# QtWeb Browser not working on FreeBSD



## nickednamed (Jun 28, 2012)

This isn't actually about a port as such, but I don't know where else to put this post, so if it needs to be moved, so be it.

I was using PC-BSD, which I really like, but upon reading the advice I here decided to go back to FreeBSD to learn "the basics" as it were. On PC-BSD I was using QtWeb Browser without any problems, but I can't get it to run on FreeBSD despite following the exact same procedure: Download -> unzip -> make executable -> use! I just get an error message that the file is not executable (despite *ls -l* saying otherwise).
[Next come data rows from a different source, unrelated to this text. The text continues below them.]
(* In the setting of 1D Toom-Cook convolution described in the context, suppose every dot product in the three linear transforms (by $G$, $B^T$ and $A^T$) is computed by linear (recursive, left-to-right) summation of the rounded products, with arbitrary (not necessarily exactly representable) matrix entries. Then $$|\hat s-s|\le |A^T|\big(|G|\,|h|\odot|B^T|\,|x|\big)(n_h+2n+4)\varepsilon+O(\varepsilon^2)$$ and $$\|\hat s-s\|_1\le \|A^T\|_1\,\|G\|_F\,\|h\|_2\,\|B^T\|_F\,\|x\|_2\,(n_h+2n+4)\varepsilon+O(\varepsilon^2).$$
   Context: Let $n_h,n_o\ge1$, $n=n_o+n_h-1$, $p_1,\dots,p_n$ distinct reals, $N_i=1/\prod_{j\ne i}(p_i-p_j)$, $M_{i,j}$ the coefficient of $a^{j-1}$ in $\prod_{k\ne i}(a-p_k)$; $A^T\in\mathbb{R}^{n_o\times n}$ with $A^T_{i,j}=p_j^{i-1}$, $G\in\mathbb{R}^{n\times n_h}$ with $G_{i,j}=p_i^{j-1}N_i$, $B^T\in\mathbb{R}^{n\times n}$ with $B^T_{i,j}=M_{j,i}$. For $h\in F^{n_h}$, $x\in F^n$, $s=A^T(Gh\odot B^Tx)$ is the exact value and $\hat s$ is computed as: $u=fl(fl(G)h)$, $v=fl(fl(B^T)x)$ (row dot products), $w_i=fl(u_iv_i)$, $\hat s=fl(fl(A^T)w)$. Floating point model: unit roundoff $\varepsilon$, no overflow, $fl(y\,\mathrm{op}\,z)=(y\,\mathrm{op}\,z)(1+\delta)$, $fl(y)=y(1+\delta)$, $|\delta|\le\varepsilon$; matrix entries are stored rounded. $\odot$ is the Hadamard product, $|\cdot|$ entrywise absolute value, $\|\cdot\|_1$ the vector 1-norm / induced matrix 1-norm, $\|\cdot\|_F$ Frobenius norm, $\|\cdot\|_2$ Euclidean norm. *)

theory Defs
  imports Complex_Main "HOL-Computational_Algebra.Polynomial"
begin

text \<open>All indices are 0-based: vector/matrix index i corresponds to index i+1 of the paper.
  Matrices are functions nat => nat => real, vectors nat => real, with explicit dimensions.\<close>

definition tcN :: "nat \<Rightarrow> (nat \<Rightarrow> real) \<Rightarrow> nat \<Rightarrow> real" where
  "tcN n p i = 1 / (\<Prod>j\<in>{..<n} - {i}. (p i - p j))"

definition tcM :: "nat \<Rightarrow> (nat \<Rightarrow> real) \<Rightarrow> nat \<Rightarrow> nat \<Rightarrow> real" where
  "tcM n p i j = coeff (\<Prod>k\<in>{..<n} - {i}. [:- p k, 1:]) j"

definition tcAT :: "(nat \<Rightarrow> real) \<Rightarrow> nat \<Rightarrow> nat \<Rightarrow> real" where
  "tcAT p i j = p j ^ i"

definition tcG :: "nat \<Rightarrow> (nat \<Rightarrow> real) \<Rightarrow> nat \<Rightarrow> nat \<Rightarrow> real" where
  "tcG n p i j = p i ^ j * tcN n p i"

definition tcBT :: "nat \<Rightarrow> (nat \<Rightarrow> real) \<Rightarrow> nat \<Rightarrow> nat \<Rightarrow> real" where
  "tcBT n p i j = tcM n p j i"

text \<open>Rounded linear (recursive, left-to-right) summation of terms t 0, ..., t (m-1):
  the k-th addition (k >= 1) is perturbed by the factor (1 + d k); the first term is taken as is.\<close>
fun lsum :: "(nat \<Rightarrow> real) \<Rightarrow> (nat \<Rightarrow> real) \<Rightarrow> nat \<Rightarrow> real" where
  "lsum t d 0 = 0"
| "lsum t d (Suc k) = (if k = 0 then t 0 else (lsum t d k + t k) * (1 + d k))"

text \<open>r is a possible floating point value of the dot product of the row a (length m, entries
  stored rounded) with the vector y, computed by linear summation of rounded products.\<close>
definition fl_dot :: "real \<Rightarrow> nat \<Rightarrow> (nat \<Rightarrow> real) \<Rightarrow> (nat \<Rightarrow> real) \<Rightarrow> real \<Rightarrow> bool" where
  "fl_dot eps m a y r \<longleftrightarrow>
     (\<exists>da dm ds :: nat \<Rightarrow> real.
        (\<forall>j. \<bar>da j\<bar> \<le> eps) \<and> (\<forall>j. \<bar>dm j\<bar> \<le> eps) \<and> (\<forall>j. \<bar>ds j\<bar> \<le> eps) \<and>
        r = lsum (\<lambda>j. (a j * (1 + da j)) * y j * (1 + dm j)) ds m)"

text \<open>shat is a possible computed result of the Toom-Cook algorithm
  u = fl(fl(G)h), v = fl(fl(B^T)x), w_i = fl(u_i v_i), shat = fl(fl(A^T)w).\<close>
definition tc_computed ::
  "real \<Rightarrow> nat \<Rightarrow> nat \<Rightarrow> (nat \<Rightarrow> real) \<Rightarrow> (nat \<Rightarrow> real) \<Rightarrow> (nat \<Rightarrow> real) \<Rightarrow> (nat \<Rightarrow> real) \<Rightarrow> bool" where
  "tc_computed eps n_o n_h p h x shat \<longleftrightarrow>
     (let n = n_o + n_h - 1 in
      \<exists>u v w :: nat \<Rightarrow> real.
        (\<forall>i<n. fl_dot eps n_h (tcG n p i) h (u i)) \<and>
        (\<forall>i<n. fl_dot eps n (tcBT n p i) x (v i)) \<and>
        (\<forall>i<n. \<exists>\<delta>. \<bar>\<delta>\<bar> \<le> eps \<and> w i = u i * v i * (1 + \<delta>)) \<and>
        (\<forall>i<n_o. fl_dot eps n (tcAT p i) w (shat i)))"

definition tc_exact :: "nat \<Rightarrow> nat \<Rightarrow> (nat \<Rightarrow> real) \<Rightarrow> (nat \<Rightarrow> real) \<Rightarrow> (nat \<Rightarrow> real) \<Rightarrow> nat \<Rightarrow> real" where
  "tc_exact n_o n_h p h x i =
     (let n = n_o + n_h - 1 in
      \<Sum>j<n. tcAT p i j * ((\<Sum>k<n_h. tcG n p j k * h k) * (\<Sum>k<n. tcBT n p j k * x k)))"

definition mat_norm1 :: "nat \<Rightarrow> nat \<Rightarrow> (nat \<Rightarrow> nat \<Rightarrow> real) \<Rightarrow> real" where
  "mat_norm1 r c A = Max ((\<lambda>j. \<Sum>i<r. \<bar>A i j\<bar>) ` {..<c})"

definition frob :: "nat \<Rightarrow> nat \<Rightarrow> (nat \<Rightarrow> nat \<Rightarrow> real) \<Rightarrow> real" where
  "frob r c A = sqrt (\<Sum>i<r. \<Sum>j<c. (A i j)^2)"

definition vnorm2 :: "nat \<Rightarrow> (nat \<Rightarrow> real) \<Rightarrow> real" where
  "vnorm2 m y = sqrt (\<Sum>k<m. (y k)^2)"

end

theory Submission
  imports Defs "HOL-Analysis.L2_Norm"
begin

text \<open>Every computed value is an exact expression whose terms carry products of rounding factors
  \<open>1 + \<delta>\<close>. Along the path of one term of the trilinear sum \<open>s\<^sub>i = \<Sum>\<^sub>j\<^sub>k\<^sub>l A\<^sub>i\<^sub>j G\<^sub>j\<^sub>k h\<^sub>k B\<^sub>j\<^sub>l x\<^sub>l\<close>
  at most \<open>n\<^sub>h + 1\<close> factors come from the dot product with \<open>G\<close>, \<open>n + 1\<close> from the one with \<open>B\<^sup>T\<close>,
  one from the Hadamard product and \<open>n + 1\<close> from the one with \<open>A\<^sup>T\<close>; so each term has relative
  error at most \<open>(1 + \<epsilon>)\<^bsup>n\<^sub>h + 2n + 4\<^esup> - 1 = (n\<^sub>h + 2n + 4)\<epsilon> + O(\<epsilon>\<^sup>2)\<close>, and the triangle
  inequality gives the componentwise bound. The normwise bound follows from the column sums
  of \<open>|A\<^sup>T|\<close> and Cauchy-Schwarz. Neither bound uses the special form of the three matrices.\<close>

definition err_growth :: "nat \<Rightarrow> real \<Rightarrow> real" where
  "err_growth K e = (1 + e) ^ K - 1"

lemma err_growth_nonneg: "0 \<le> e \<Longrightarrow> 0 \<le> err_growth K e"
  unfolding err_growth_def by (simp add: one_le_power)

lemma err_growth_mono: "0 \<le> e \<Longrightarrow> K \<le> L \<Longrightarrow> err_growth K e \<le> err_growth L e"
  unfolding err_growth_def by (simp add: power_increasing)

lemma err_growth_one: "\<bar>d\<bar> \<le> e \<Longrightarrow> \<bar>(1 + d) - 1\<bar> \<le> err_growth 1 e"
  unfolding err_growth_def by simp

lemma err_growth_mult:
  assumes "0 \<le> e" "\<bar>a - 1\<bar> \<le> err_growth K e" "\<bar>b - 1\<bar> \<le> err_growth L e"
  shows "\<bar>a * b - 1\<bar> \<le> err_growth (K + L) e"
proof -
  have "\<bar>a * b - 1\<bar> = \<bar>(a - 1) * (b - 1) + (a - 1) + (b - 1)\<bar>"
    by (simp add: algebra_simps)
  also have "\<dots> \<le> \<bar>(a - 1) * (b - 1) + (a - 1)\<bar> + \<bar>b - 1\<bar>"
    by (rule abs_triangle_ineq)
  also have "\<dots> \<le> \<bar>a - 1\<bar> * \<bar>b - 1\<bar> + \<bar>a - 1\<bar> + \<bar>b - 1\<bar>"
    using abs_triangle_ineq [of "(a - 1) * (b - 1)" "a - 1"] by (simp add: abs_mult)
  also have "\<dots> \<le> err_growth K e * err_growth L e + err_growth K e + err_growth L e"
    using assms by (intro add_mono mult_mono) auto
  also have "\<dots> = err_growth (K + L) e"
    unfolding err_growth_def by (simp add: power_add algebra_simps)
  finally show ?thesis .
qed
Does anyone know why I can't use it on FreeBSD?

Sorry for the lack of links, etc, but I am "forced" to write this through Elinks


----------



## jrm@ (Jun 28, 2012)

Can you show the error message(s) and the file permissions?


----------



## SirDice (Jun 29, 2012)

It's a linux executable so you will need to have at least emulators/linux_base-f10 installed and perhaps more.


----------



## nickednamed (Jun 29, 2012)

So the QtWeb website lists PC-BSD as a supported platform because it ships with the emulators/linux_base-f10 port.

That's a shame because installing that defeats the purpose of a lightweight, self-contained executable. Browsers are really the only graphical application which I use so I would love to avoid installing a load of unnecessary programs.

Does anyone know of a similar, self-contained or statically compiled browser witha similar feature set? Or should I just get onto the QtWeb forum and start begging for FreeBSD support? 

Looks like it's back to www/elinks/and www/links/for me.


----------